From the Old Spanish cremesin, itself from the Arabic qirmiz — the kermes scale insect, dried and ground into a brilliant carmine dye prized in the medieval Mediterranean. For centuries the most expensive red on a draper's shelf, reserved for cardinals, kings, and the cloth that gave English the word crimson. Cooler than scarlet, deeper than rose; the color of pomegranate seeds and a serious occasion.

Closest matches

The nearest named color in three reference sources, ranked by perceptual distance (ΔE76 in CIELAB). ΔE < 1 is imperceptible to most viewers; ΔE > 10 is clearly different. When two sources point to the same hex they’re merged into one tile; click any to open that color’s page.

Variations

Click any swatch to explore

Harmonies

Accessibility

Color-vision simulation

How this color appears to viewers with the four major color-vision-deficiency types. Computed via the Machado (2009) physiologically-based model. If a tile matches the original, the color reads the same to that viewer.

#c0332c
Original
#5d542a
Protanopia
#807326
Deuteranopia
#d30033
Tritanopia
#505050
Achromatopsia
WCAG contrast

The color used as foreground text against pure white and pure black, with the contrast ratio and WCAG 2.1 grade. Aim for AA (4.5:1) for body text and AA Large (3:1) for 18 pt+ headlines; AAA (7:1) is the gold standard for long-form reading surfaces.

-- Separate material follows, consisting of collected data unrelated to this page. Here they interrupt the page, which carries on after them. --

lemma has_sum_sum:
  fixes f :: "'i \<Rightarrow> 'a \<Rightarrow> real"
  assumes "finite I" "\<And>i. i \<in> I \<Longrightarrow> (f i has_sum s i) A"
  shows "((\<lambda>x. \<Sum>i\<in>I. f i x) has_sum (\<Sum>i\<in>I. s i)) A"
  using assms by (induction I rule: finite_induct) (auto intro: has_sum_add)

lemma powr_le_powr_minus_one_mult:
  fixes x M s :: real
  assumes "0 \<le> x" "x \<le> M" "1 \<le> s"
  shows "x powr s \<le> M powr (s - 1) * x"
proof (cases "x = 0")
  case False
  then have "x powr s = x powr (s - 1) * x"
    using powr_add[of x "s - 1" 1] assms(1) by simp
  also have "\<dots> \<le> M powr (s - 1) * x"
    using assms by (intro mult_right_mono powr_mono2) auto
  finally show ?thesis .
qed simp

lemma summable_on_powr_of_nonneg_l1:
  assumes "nonneg_l1 w" "1 \<le> s"
  shows "(\<lambda>x. w x powr s) summable_on UNIV"
proof (rule summable_on_comparison_test)
  show "(\<lambda>x. infsum w UNIV powr (s - 1) * w x) summable_on UNIV"
    using nonneg_l1_onD(2)[OF assms(1)] by (rule summable_on_cmult_right)
  show "w x powr s \<le> infsum w UNIV powr (s - 1) * w x" for x
    using powr_le_powr_minus_one_mult[OF nonneg_l1_onD(1,3)[OF assms(1)] assms(2)] .
qed simp

lemma lpnorm_nonneg: "0 \<le> lpnorm s w"
  by (simp add: lpnorm_def)

lemma lpnorm_zero: "lpnorm s (\<lambda>_. 0) = 0"
  by (simp add: lpnorm_def)

lemma lpnorm_powr:
  assumes "\<And>x. 0 \<le> w x" "0 < s"
  shows "lpnorm s w powr s = (\<Sum>\<^sub>\<infinity>x. w x powr s)"
  using assms by (simp add: lpnorm_def powr_powr infsum_nonneg)
(* Let $\{\mathcal N,\gamma,\boldsymbol\ell,\ell^{(2)}\}$ be metric hypersurface data and $p\in\mathcal N$ a point with $\mathrm{Rad}(\gamma|_p)\neq\{0\}$. Then $$\mathrm{sign}(\boldsymbol{\mathcal A}|_p)=\{-1,1\}\sqcup\big(\mathrm{sign}(\gamma|_p)\setminus\{0\}\big),$$ where $\sqcup$ is disjoint union (of multisets). In particular, $\boldsymbol{\mathcal A}|_p$ has Lorentzian signature if and only if $\gamma|_p$ is positive semi-definite.
   Context: Metric hypersurface data: $\mathcal N$ a smooth manifold, $\gamma$ a symmetric $2$-covariant tensor field, $\boldsymbol\ell$ a one-form and $\ell^{(2)}$ a function such that for every $p$ the symmetric bilinear form $\boldsymbol{\mathcal A}|_p((W,a),(Z,b))=\gamma|_p(W,Z)+a\boldsymbol\ell|_p(Z)+b\boldsymbol\ell|_p(W)+ab\,\ell^{(2)}(p)$ on $T_p\mathcal N\times\mathbb R$ is non-degenerate. $\mathrm{Rad}(\gamma|_p)=\{X\in T_p\mathcal N:\gamma|_p(X,\cdot)=0\}$; for such data it is at most one-dimensional. The signature $\mathrm{sign}(q)$ of a quadratic form $q$ is the unordered multiset of diagonal entries ($0$, $-1$, $+1$) of its canonical form; $\mathrm{sign}(\gamma|_p)\setminus\{0\}$ means removing the single $0$ entry. *)

theory Defs
  imports "HOL-Analysis.Analysis" "HOL-Library.Multiset"
begin

text \<open>Pointwise linear algebra: the tangent space T_pN is modelled by a finite-dimensional
real vector space (type of class euclidean_space); bilinear forms are functions 'a => 'a => real.\<close>

definition sym_bilinear_form :: "('a::euclidean_space \<Rightarrow> 'a \<Rightarrow> real) \<Rightarrow> bool" where
  "sym_bilinear_form B \<longleftrightarrow> bilinear B \<and> (\<forall>x y. B x y = B y x)"

definition canonical_basis :: "('a::euclidean_space \<Rightarrow> 'a \<Rightarrow> real) \<Rightarrow> 'a list \<Rightarrow> bool" where
  "canonical_basis B vs \<longleftrightarrow>
     length vs = DIM('a) \<and> distinct vs \<and> independent (set vs) \<and> span (set vs) = UNIV \<and>
     (\<forall>i<length vs. \<forall>j<length vs. i \<noteq> j \<longrightarrow> B (vs ! i) (vs ! j) = 0) \<and>
     (\<forall>i<length vs. B (vs ! i) (vs ! i) \<in> {-1, 0, 1})"

definition signature :: "('a::euclidean_space \<Rightarrow> 'a \<Rightarrow> real) \<Rightarrow> real multiset" where
  "signature B = (THE M. \<exists>vs. canonical_basis B vs \<and> M = mset (map (\<lambda>v. B v v) vs))"

text \<open>The bilinear form A on T_pN x R built from hypersurface data at p.\<close>
definition hyp_form ::
  "('a::euclidean_space \<Rightarrow> 'a \<Rightarrow> real) \<Rightarrow> ('a \<Rightarrow> real) \<Rightarrow> real \<Rightarrow> ('a \<times> real) \<Rightarrow> ('a \<times> real) \<Rightarrow> real" where
  "hyp_form g l l2 X Y = g (fst X) (fst Y) + snd X * l (fst Y) + snd Y * l (fst X) + snd X * snd Y * l2"

definition nondegenerate :: "('a::euclidean_space \<Rightarrow> 'a \<Rightarrow> real) \<Rightarrow> bool" where
  "nondegenerate B \<longleftrightarrow> (\<forall>X. (\<forall>Y. B X Y = 0) \<longrightarrow> X = 0)"

definition radical :: "('a::euclidean_space \<Rightarrow> 'a \<Rightarrow> real) \<Rightarrow> 'a set" where
  "radical B = {X. \<forall>Z. B X Z = 0}"

definition lorentzian_sig :: "real multiset \<Rightarrow> bool" where
  "lorentzian_sig M \<longleftrightarrow> M = add_mset (-1) (replicate_mset (size M - 1) 1)"

end

theory Submission
  imports Defs
begin
text \<open>If some vertex w of the path lay outside B, the walk from x to y inside B would,
  together with the two halves of the path, join w to its predecessor on the path
  without using the edge between them.\<close>

lemma distinct_walk_subset_if_rtrancl_adj_in:
  assumes acyclic: "\<not> (\<exists>xs. is_cycle T xs)"
    and xs: "distinct xs" "xs \<noteq> []" "walk T xs" "hd xs = x" "last xs = y"
    and conn: "(x, y) \<in> (adj_in T B)\<^sup>*" and "x \<in> B"
  shows "set xs \<subseteq> B"
proof
  fix w assume "w \<in> set xs"
  show "w \<in> B"
  proof (rule ccontr)
    assume "w \<notin> B"
    obtain p r where split: "xs = p @ w # r"
      using split_list[OF \<open>w \<in> set xs\<close>] by blast
    have "p \<noteq> []" using split xs(4) \<open>x \<in> B\<close> \<open>w \<notin> B\<close> by auto
    define a where "a = last p"
    define R where "R = adj_in (T - {{a, w}}) UNIV"
    have "a \<in> set p" using \<open>p \<noteq> []\<close> a_def by simp
    have disjoint: "set p \<inter> set (w # r) = {}" using xs(1) split by auto
    then have "a \<noteq> w" using \<open>a \<in> set p\<close> by auto
    have "walk T p" "walk T (w # r)" and edge: "{a, w} \<in> T"
      using xs(3) \<open>p \<noteq> []\<close> unfolding split a_def by (auto simp: successively_append_iff)
    then have walks: "walk (T - {{a, w}}) p" "walk (T - {{a, w}}) (w # r)"
      using disjoint \<open>a \<in> set p\<close> by (auto elim!: successively_mono simp: doubleton_eq_iff)
    have "(hd p, last p) \<in> R\<^sup>*" "(hd (w # r), last (w # r)) \<in> R\<^sup>*"
      unfolding R_def using rtrancl_adj_in_if_walk[OF walks(1) \<open>p \<noteq> []\<close>]
        rtrancl_adj_in_if_walk[OF walks(2) list.discI] by simp_all
    then have "(x, a) \<in> R\<^sup>*" "(w, y) \<in> R\<^sup>*"
      using \<open>p \<noteq> []\<close> xs(4,5) split unfolding a_def by auto
    moreover have "(x, y) \<in> R\<^sup>*"
    proof -
      have "adj_in T B \<subseteq> R"
        unfolding R_def adj_in_def using \<open>w \<notin> B\<close> by (auto simp: doubleton_eq_iff)
      then show ?thesis using conn rtrancl_mono by blast
    qed
    moreover have "sym (R\<^sup>*)"
      unfolding R_def by (rule sym_rtrancl) (auto simp: sym_def adj_in_def insert_commute)
    ultimately have "(a, w) \<in> R\<^sup>*"
      by (meson rtrancl_trans symD)
    then show False
      using edge_is_bridge_if_acyclic[OF acyclic edge \<open>a \<noteq> w\<close>] unfolding R_def by blast
  qed
qed
(* (i) If $\alpha=\beta=0$, then $z_\alpha=z_\beta=1$; in particular $x_{\rm lavs}(h_1,h_2)=x_{\rm peak}(h_1,h_2)$ and $x_{\rm gloom}(h_1,h_2)=x_{\rm valy}(h_1,h_2)$. As $\alpha\to1/\delta$, $z_\alpha\to0$; as $\beta\to+\infty$, $z_\beta\to+\infty$. (ii) For fixed $h_1\ge h_2>0$ (and all other parameters fixed), as the risk-aversion parameter $\gamma\to\infty$, $$\lim_{\gamma\to\infty}\frac{x_{\rm lavs}(h_1,h_2)}{c^*(x_{\rm lavs}(h_1,h_2),h_1,h_2)}=\lim_{\gamma\to\infty}\frac{x_{\rm gloom}(h_1,h_2)}{c^*(x_{\rm gloom}(h_1,h_2),h_1,h_2)}=\frac1r.$$
   Context: Parameters: $r>0$, $\mu>0$, $\sigma>0$, $\kappa=(\mu-r)/\sigma$, $\delta>0$, $\gamma>0,\gamma\ne1$, $0\le\alpha\le1/\delta$, $\beta\ge0$, $K_0:=r+\frac{\delta-r}{\gamma}+\frac{\gamma-1}{2\gamma^2}\kappa^2>0$. $\gamma^*=-(1-\gamma)/\gamma$; $m_1>1$ and $m_2<\min(\gamma^*,0)$ are the roots of $\frac{\kappa^2}{2}m^2+(\delta-r-\frac{\kappa^2}{2})m-\delta=0$; $z_\alpha\in(0,1-\alpha\delta]$ solves $\frac{2}{\kappa^2m_1(m_1-1)}z^{m_1}+\frac{z}{r}(m_2-1)+m_2(\alpha-\frac1\delta)=0$; $z_\beta\in[1+\beta\delta,\infty)$ solves $\frac{2}{\kappa^2m_2(m_2-1)}z^{m_2}+\frac{z}{r}(m_1-1)-m_1(\beta+\frac1\delta)=0$. Coefficients: $C_5(h_2)=\frac{1-\gamma^*}{(m_1-m_2)(m_1-\gamma^* )}\big(\frac{m_2(\beta\delta+1)}{\delta}z_\beta^{-m_1}+\frac{1-m_2}{r}z_\beta^{1-m_1}\big)h_2^{1+\gamma(m_1-1)}$; $C_3(h_2)=C_5(h_2)+\frac{2(\gamma^*-1)}{\kappa^2(m_1-m_2)m_1(m_1-1)(m_1-\gamma^* )}h_2^{1+\gamma(m_1-1)}$; $C_1(h_1,h_2)=C_3(h_2)+\frac{2(1-\gamma^* )}{\kappa^2(m_1-m_2)m_1(m_1-1)(m_1-\gamma^* )}h_1^{1+\gamma(m_1-1)}$; $C_2(h_1)=\frac{1-\gamma^*}{(m_1-m_2)(m_2-\gamma^* )}\big(\frac{m_1(\alpha\delta-1)}{\delta}z_\alpha^{-m_2}+\frac{m_1-1}{r}z_\alpha^{1-m_2}\big)h_1^{1+\gamma(m_2-1)}$; $C_4(h_1)=C_2(h_1)-\frac{2(\gamma^*-1)}{\kappa^2(m_1-m_2)m_2(m_2-1)(m_2-\gamma^* )}h_1^{1+\gamma(m_2-1)}$; $C_6(h_1,h_2)=C_4(h_1)-\frac{2(1-\gamma^* )}{\kappa^2(m_1-m_2)m_2(m_2-1)(m_2-\gamma^* )}h_2^{1+\gamma(m_2-1)}$. Boundary curves: $x_{\rm lavs}=-m_1C_1(h_1,h_2)(z_\alpha h_1^{-\gamma})^{m_1-1}-m_2C_2(h_1)(z_\alpha h_1^{-\gamma})^{m_2-1}+\frac{h_1}{r}$; $x_{\rm peak}=-m_1C_1(h_1,h_2)(h_1^{-\gamma})^{m_1-1}-m_2C_2(h_1)(h_1^{-\gamma})^{m_2-1}+\frac{h_1}{r}$; $x_{\rm valy}=-m_1C_5(h_2)(h_2^{-\gamma})^{m_1-1}-m_2C_6(h_1,h_2)(h_2^{-\gamma})^{m_2-1}+\frac{h_2}{r}$; $x_{\rm gloom}=-m_1C_5(h_2)(z_\beta h_2^{-\gamma})^{m_1-1}-m_2C_6(h_1,h_2)(z_\beta h_2^{-\gamma})^{m_2-1}+\frac{h_2}{r}$. The optimal feedback consumption $c^*(x,h_1,h_2)$ (for the problem of maximizing $\mathbb E[\int_0^\infty e^{-\delta t}(U(c_t)dt-\alpha dV^+_{1t}-\beta dV^-_{2t})]$ with $U=V=x^{1-\gamma}/(1-\gamma)$, $V^+_{1t}=V(h_1\vee\sup_{s\le t}c_s)-V(h_1)$, $V^-_{2t}=V(h_2)-V(h_2\wedge\inf_{s\le t}c_s)$, over consumption/investment strategies with wealth $dX=(rX+(\mu-r)\pi-c)dt+\sigma\pi dW$, $X\ge0$) satisfies $c^*(x,h_1,h_2)=h_1$ for $x_{\rm peak}<x\le x_{\rm lavs}$ and $c^*(x,h_1,h_2)=h_2$ for $x_{\rm gloom}\le x<x_{\rm valy}$. *)

theory Defs
  imports "HOL-Analysis.Analysis"
begin

text \<open>Market parameters: r (interest), mu (drift), sig (volatility sigma), delta (discount).\<close>

definition kap :: "real \<Rightarrow> real \<Rightarrow> real \<Rightarrow> real" where
  "kap r mu sig = (mu - r) / sig"

definition gstar :: "real \<Rightarrow> real" where
  "gstar gamma = - (1 - gamma) / gamma"

definition K0 :: "real \<Rightarrow> real \<Rightarrow> real \<Rightarrow> real \<Rightarrow> real \<Rightarrow> real" where
  "K0 r mu sig delta gamma =
     r + (delta - r) / gamma + (gamma - 1) / (2 * gamma\<^sup>2) * (kap r mu sig)\<^sup>2"

definition charpoly :: "real \<Rightarrow> real \<Rightarrow> real \<Rightarrow> real \<Rightarrow> real \<Rightarrow> real" where
  "charpoly r mu sig delta m =
     (kap r mu sig)\<^sup>2 / 2 * m\<^sup>2 + (delta - r - (kap r mu sig)\<^sup>2 / 2) * m - delta"

definition m1 :: "real \<Rightarrow> real \<Rightarrow> real \<Rightarrow> real \<Rightarrow> real" where
  "m1 r mu sig delta = (THE m. m > 1 \<and> charpoly r mu sig delta m = 0)"

definition m2 :: "real \<Rightarrow> real \<Rightarrow> real \<Rightarrow> real \<Rightarrow> real" where
  "m2 r mu sig delta = (THE m. m < 0 \<and> charpoly r mu sig delta m = 0)"

definition zal :: "real \<Rightarrow> real \<Rightarrow> real \<Rightarrow> real \<Rightarrow> real \<Rightarrow> real" where
  "zal r mu sig delta alpha =
    (let k = kap r mu sig; a = m1 r mu sig delta; b = m2 r mu sig delta in
     THE z. 0 < z \<and> z \<le> 1 - alpha * delta \<and>
       2 / (k\<^sup>2 * a * (a - 1)) * z powr a + z / r * (b - 1) + b * (alpha - 1 / delta) = 0)"

definition zbe :: "real \<Rightarrow> real \<Rightarrow> real \<Rightarrow> real \<Rightarrow> real \<Rightarrow> real" where
  "zbe r mu sig delta beta =
    (let k = kap r mu sig; a = m1 r mu sig delta; b = m2 r mu sig delta in
     THE z. 1 + beta * delta \<le> z \<and>
       2 / (k\<^sup>2 * b * (b - 1)) * z powr b + z / r * (a - 1) - a * (beta + 1 / delta) = 0)"

definition C5 :: "real \<Rightarrow> real \<Rightarrow> real \<Rightarrow> real \<Rightarrow> real \<Rightarrow> real \<Rightarrow> real \<Rightarrow> real" where
  "C5 r mu sig delta gamma beta h2 =
    (let a = m1 r mu sig delta; b = m2 r mu sig delta; g = gstar gamma;
         zb = zbe r mu sig delta beta in
     (1 - g) / ((a - b) * (a - g)) *
       (b * (beta * delta + 1) / delta * zb powr (- a) + (1 - b) / r * zb powr (1 - a)) *
       h2 powr (1 + gamma * (a - 1)))"

definition C3 :: "real \<Rightarrow> real \<Rightarrow> real \<Rightarrow> real \<Rightarrow> real \<Rightarrow> real \<Rightarrow> real \<Rightarrow> real" where
  "C3 r mu sig delta gamma beta h2 =
    (let k = kap r mu sig; a = m1 r mu sig delta; b = m2 r mu sig delta; g = gstar gamma in
     C5 r mu sig delta gamma beta h2
     + 2 * (g - 1) / (k\<^sup>2 * (a - b) * a * (a - 1) * (a - g)) * h2 powr (1 + gamma * (a - 1)))"
(* Let $\mathcal{B}$ be a $d$-dimensional manifold with a torsion-free flat connection $\nabla$ and $F\in C^\infty(\mathcal{B})$. Then $F$ satisfies Condition N at every point of $\mathcal{B}$ if and only if $F$ satisfies the Regular resonant set condition.
   Context: $\mathcal{K}_b=\ker dF_b$. Condition N at $b$: $X\in\mathcal{K}_b$ and $\nabla_X\nabla F=0$ at $b$ imply $X=0$. For a parallel vector field $X$ on an open set $\mathcal{O}\subset\mathcal{B}$, $\Omega_X=dF(X)\in C^\infty(\mathcal{O})$ and the resonant set is $\Sigma_X=\{c\in\mathcal{O}:\Omega_X(c)=0\}$. Regular resonant set condition: for every open set $\mathcal{O}\subset\mathcal{B}$, every non-vanishing parallel vector field $X$ on $\mathcal{O}$ and every point $b\in\Sigma_X$, one has $d(\Omega_X)_b\neq0$ (so that each $\Sigma_X$ is a codimension-one submanifold). *)

theory Defs
  imports "HOL-Analysis.Analysis"
begin

fun Ck_on :: "nat \<Rightarrow> (real^('n::finite)) set \<Rightarrow> (real^'n \<Rightarrow> real) \<Rightarrow> bool" where
  "Ck_on 0 S f = continuous_on S f"
| "Ck_on (Suc k) S f = (f differentiable_on S \<and> continuous_on S f \<and>
      (\<forall>v. Ck_on k S (\<lambda>y. frechet_derivative f (at y) v)))"

definition smooth_on :: "(real^'n) set \<Rightarrow> (real^'n \<Rightarrow> real) \<Rightarrow> bool" where
  "smooth_on S f \<longleftrightarrow> (\<forall>k. Ck_on k S f)"

text \<open>A d-dimensional manifold with a torsion-free flat connection is modelled by an
  affine atlas: charts into real^'n (d = CARD('n)) whose transition maps are locally affine.
  The affine (flat, torsion-free) connection is the one whose Christoffel symbols
  vanish in these charts.\<close>

type_synonym ('a,'n) chart = "'a set \<times> ('a \<Rightarrow> real^'n)"

definition affine_atlas :: "('a::topological_space, 'n::finite) chart set \<Rightarrow> bool" where
  "affine_atlas A \<longleftrightarrow>
     (\<forall>(U,\<phi>)\<in>A. open U \<and> open (\<phi> ` U) \<and> homeomorphism U (\<phi> ` U) \<phi> (inv_into U \<phi>)) \<and>
     (\<Union>(fst ` A) = UNIV) \<and>
     (\<forall>(U,\<phi>)\<in>A. \<forall>(V,\<psi>)\<in>A. \<forall>x\<in>U \<inter> V. \<exists>W L c. open W \<and> x \<in> W \<and> linear L \<and> bij L \<and>
         (\<forall>y\<in>W \<inter> U \<inter> V. \<psi> y = L (\<phi> y) + c))"

definition loc :: "('a, 'n::finite) chart \<Rightarrow> ('a \<Rightarrow> real) \<Rightarrow> real^'n \<Rightarrow> real" where
  "loc c F = F \<circ> inv_into (fst c) (snd c)"

definition smooth_fun :: "('a::topological_space, 'n::finite) chart set \<Rightarrow> ('a \<Rightarrow> real) \<Rightarrow> bool" where
  "smooth_fun A F \<longleftrightarrow> (\<forall>c\<in>A. smooth_on (snd c ` fst c) (loc c F))"

text \<open>First and second derivative in coordinates: dF(X) and (nabla_X nabla F)(V);
  in affine coordinates the connection has vanishing Christoffel symbols.\<close>
definition D1 :: "(real^'n \<Rightarrow> real) \<Rightarrow> real^'n \<Rightarrow> real^'n \<Rightarrow> real" where
  "D1 f y \<xi> = frechet_derivative f (at y) \<xi>"

definition D2 :: "(real^'n \<Rightarrow> real) \<Rightarrow> real^'n \<Rightarrow> real^'n \<Rightarrow> real^'n \<Rightarrow> real" where
  "D2 f y \<xi> v = frechet_derivative (\<lambda>z. D1 f z \<xi>) (at y) v"

definition condition_N :: "('a::topological_space, 'n::finite) chart set \<Rightarrow> ('a \<Rightarrow> real) \<Rightarrow> 'a \<Rightarrow> bool" where
  "condition_N A F b \<longleftrightarrow>
     (\<forall>c\<in>A. b \<in> fst c \<longrightarrow>
        (\<forall>\<xi>. D1 (loc c F) (snd c b) \<xi> = 0 \<and> (\<forall>v. D2 (loc c F) (snd c b) \<xi> v = 0) \<longrightarrow> \<xi> = 0))"

text \<open>A vector field on Ob is given by its components X c x in each chart c
  (for x in Ob and in the chart domain), compatible under chart changes.\<close>
definition vector_field_on :: "('a::topological_space, 'n::finite) chart set \<Rightarrow> 'a set \<Rightarrow>
    (('a,'n) chart \<Rightarrow> 'a \<Rightarrow> real^'n) \<Rightarrow> bool" where
  "vector_field_on A Ob X \<longleftrightarrow>
     (\<forall>c1\<in>A. \<forall>c2\<in>A. \<forall>x\<in>Ob \<inter> fst c1 \<inter> fst c2.
        X c2 x = frechet_derivative (snd c2 \<circ> inv_into (fst c1) (snd c1)) (at (snd c1 x)) (X c1 x))"
lemma cond2_imp_cond3:
  assumes "cond2 X \<phi>"
  shows "cond3 X \<pi> \<phi>"
  unfolding cond3_def
proof (intro exI conjI)
  show "is_fp_action X \<pi> descent_action_obj descent_action_arr"
    using is_fp_action_descent[OF assms] .
qed (auto simp: descent_action_obj_def descent_action_arr_def squares_def
  cond2_conj_act[OF assms])

lemma cond3_imp_cond2:
  assumes "cond3 X \<pi> \<phi>"
  shows "cond2 X \<phi>"
proof -
  from assms obtain A0 A1 where
    phi: "\<forall>(\<alpha>, (x, y))\<in>fp_obj X \<pi>. A0 (\<alpha>, (x, y)) = \<phi> x y \<alpha>" and
    conj: "\<forall>f\<in>g_arr X. \<forall>\<alpha>\<in>inertia X (g_src X f).
      A0 (\<alpha>, (g_src X f, g_tgt X f)) = conj_act X \<alpha> f"
    unfolding cond3_def by blast
  have "(\<alpha>, (g_src X f, g_tgt X f)) \<in> fp_obj X \<pi>"
    if "f \<in> g_arr X" "\<alpha> \<in> inertia X (g_src X f)" for f \<alpha>
    using src_tgt_in_fib2 that unfolding fp_obj_def by simp
  then show ?thesis
    using phi conj unfolding cond2_def cech_act_def cech_proj_def by fastforce
qed

end

theorem lemma6p5:
  fixes X :: "('o, 'a) grpd" and \<pi> :: "'o \<Rightarrow> 'm" and M :: "'m set"
    and \<phi> :: "'o \<Rightarrow> 'o \<Rightarrow> 'a \<Rightarrow> 'a"
  assumes "is_gerbe X \<pi> M"
    and "abelian_inertia X"
    and "descent_iso X \<pi> \<phi>"
  shows "(cond1 X \<phi> \<longleftrightarrow> cond2 X \<phi>) \<and> (cond2 X \<phi> \<longleftrightarrow> cond3 X \<pi> \<phi>)"
proof -
  interpret gerbe_descent X \<pi> \<phi>
    using assms(1,3) unfolding is_gerbe_def by unfold_locales auto
  show ?thesis
    using cond1_iff_cond2 cond2_imp_cond3 cond3_imp_cond2 by blast
qed

end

The quick brown foxSample body text at normal size. The wcag minimum for body contrast is 4.5:1 (AA) or 7:1 (AAA).
AAon White
5.60:1
The quick brown foxSample body text at normal size. The wcag minimum for body contrast is 4.5:1 (AA) or 7:1 (AAA).
AA Largeon Black
3.75:1

Wide gamut

Display P3 representation

The CSS Color 4 wide-gamut form of this color. Both swatches render the same color on every display — the P3 form only diverges from sRGB when a designer pushes channels outside sRGB's reach.

sRGB hex
sRGB hex
##C0332C
Display P3
Display P3
color(display-p3 0.6939 0.2465 0.2039)
P3 has subtle headroomOKLCH chroma 0.179

Moderately saturated colors gain a small bump in P3 — the difference is usually visible side-by-side on wide-gamut hardware but won't change the character of the color.